Belgique - Une justice "universelle" : Même symbolique, elle gêne10/08/20012001Journal/medias/journalnumero/images/2001/08/une-1726.gif.445x577_q85_box-0%2C13%2C166%2C228_crop_detail.jpg

Dans le monde

Belgique - Une justice "universelle" : Même symbolique, elle gêne

Une "loi relative à la répression des violations graves du droit international humanitaire" a été adoptée en Belgique en début 1998. Un sénateur libéral en est le principal auteur et elle a été adoptée à l'unanimité par le Sénat et sans débat par la Chambre.

Cette loi prévoit la "compétence universelle" des juges belges, ce qui signifie qu'une plainte est recevable par un juge à Bruxelles, quel que soit le lieu du crime, quelle que soit la nationalité de son auteur et quelle que soit la nationalité de la victime. Cette loi ne permet pas d'invoquer, pour s'y soustraire, la "nécessité militaire" et aucune immunité n'est attachée à la qualité officielle d'une personne, notamment celle des chefs d'Etat.

C'est cette loi qui a permis de condamner quatre génocidaires rwandais et, à cette occasion, de remettre ce génocide sur le devant de l'actualité. A cette réserve que les condamnés n'en étaient pas les principaux responsables et que cela concernait le Rwanda, une ex-colonie, un petit Etat africain sans poids international. Quant aux principaux responsables, les dirigeants des Etats belge et français, ils n'ont pas été mis en cause.

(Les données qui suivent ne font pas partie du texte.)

theorem lemma1:
  fixes d l N :: nat and X :: "real mat" and s :: "real mat \<Rightarrow> nat \<Rightarrow> nat \<Rightarrow> real"
  assumes "d \<ge> 1" and "N \<ge> 2"
    and "X \<in> carrier_mat d N"
    and pos: "\<And>P i j. P \<in> carrier_mat l N \<Longrightarrow> i < N \<Longrightarrow> j < N \<Longrightarrow> s P i j > 0"
    and sym: "\<And>P i j. P \<in> carrier_mat l N \<Longrightarrow> i < N \<Longrightarrow> j < N \<Longrightarrow> s P i j = s P j i"
    and lip: "\<And>i j. i < N \<Longrightarrow> j < N \<Longrightarrow> mat_lipschitz_on l N (carrier_mat l N) (\<lambda>P. s P i j)"
  shows "mat_lipschitz_on (d - 1) l (Theta d l)
           (\<lambda>\<theta>. eig_lambda 2 (laplacian (affinity N s (Pmat d l X \<theta>))))
       \<and> mat_lipschitz_on (d - 1) l (Theta d l)
           (\<lambda>\<theta>. eig_lambda 2 (norm_laplacian (affinity N s (Pmat d l X \<theta>))))"
proof -
  note X = \<open>X \<in> carrier_mat d N\<close> and N = \<open>N \<ge> 2\<close>
  define A where "A \<theta> = affinity N s (Pmat d l X \<theta>)" for \<theta>
  have A: "A \<theta> \<in> carrier_mat N N" and symA: "transpose_mat (A \<theta>) = A \<theta>" for \<theta>
    unfolding A_def using sym[OF Pmat_carrier[OF X]] by (auto intro: affinity_carrier transpose_affinity)
  have entries: "mat_bounded_lipschitz_on (d - 1) l (Theta d l) (\<lambda>\<theta>. A \<theta> $$ (i,j))"
    if "i < N" "j < N" for i j
    unfolding A_def by (rule Theta_affinity_index_bounded_lipschitz[OF X lip that])
  have degrees: "\<exists>\<delta>>0. \<forall>\<theta>\<in>Theta d l. \<delta> \<le> degree (A \<theta>) i" if "i < N" for i
    unfolding A_def by (rule Theta_degree_lower_bound[OF X pos lip that])
  have "mat_lipschitz_on (d - 1) l (Theta d l) (\<lambda>\<theta>. eig_lambda 2 (laplacian (A \<theta>)))"
    using laplacian_index_bounded_lipschitz[OF A entries] unfolding mat_bounded_lipschitz_on_def
    by (intro eig_lambda2_mat_lipschitz[OF N laplacian_carrier[OF A] transpose_laplacian[OF A symA]]) blast
  moreover have "mat_lipschitz_on (d - 1) l (Theta d l) (\<lambda>\<theta>. eig_lambda 2 (norm_laplacian (A \<theta>)))"
    using norm_laplacian_index_bounded_lipschitz[OF A entries degrees] unfolding mat_bounded_lipschitz_on_def
    by (intro eig_lambda2_mat_lipschitz[OF N norm_laplacian_carrier[OF A] transpose_norm_laplacian[OF A symA]])
      blast
  ultimately show ?thesis unfolding A_def by blast
qed

end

Une plainte devant la justice belge a été déposée contre le Premier ministre israélien, Ariel Sharon, par vingt-trois survivants des massacres commis contre des centaines de réfugiés palestiniens dans les camps de Sabra et Chatila, en septembre 1982 au Liban. Ariel Sharon, commandant alors en chef de l'armée israélienne qui venait d'envahir le Liban et protégeait les milices de l'extrême droite chrétienne libanaise qui ont commis ces massacres, en a été directement responsable. Et il ne s'en cache pas.

Et là, c'est une tout autre affaire ! Israël n'est pas une ancienne colonie belge ! Certes, la plainte a été déclarée recevable par les juges, l'instruction est donc entamée. Et même si l'on a peu de chances de voir un jour Ariel Sharon finir ses jours en prison, comme ses exactions à la tête de l'armée israélienne contre le peuple palestinien le justifieraient, un juge pourrait avoir la bonne idée de le faire arrêter lors d'une visite en Belgique, ne serait-ce que pour lui poser quelques questions, comme c'est arrivé au PDG français du groupe Schneider, Didier Pineau-Valencienne, gardé douze jours en détention préventive à Bruxelles en 1994 ! Cela ne changerait rien au cours de l'histoire, mais cela aurait au moins une valeur symbolique.

Israël a répliqué par toute une campagne de presse contre le pouvoir belge et se préparerait à attaquer Yasser Arafat devant la même juridiction. Un député du Likoud (le parti de Sharon) déclare vouloir mettre en cause la royauté belge pour "avoir fait déporter 8 000 Juifs belges vers les chambres à gaz durant la Deuxième Guerre mondiale".

D'autres plaintes contre des chefs d'Etat sont par ailleurs déclarées recevables, contre Saddam Hussein et le président ivoirien Gbagbo.

Si tous les dictateurs de la planète se retrouvaient publiquement mis en accusation et les généraux galonnés jugés pour leurs massacres, les juges belges seraient débordés... Ils ne pourraient même plus instruire toutes ces affaires avec le sérieux qui sied... C'est d'ailleurs un des arguments qu'avancent sans rire certains commentateurs qui proposent, avec une bonne partie des ministres belges, de réviser cette loi pour en restreindre le champ d'intervention.

Histoire d'assurer un peu plus la tranquillité des responsables du terrorisme d'Etat, passés ou à venir.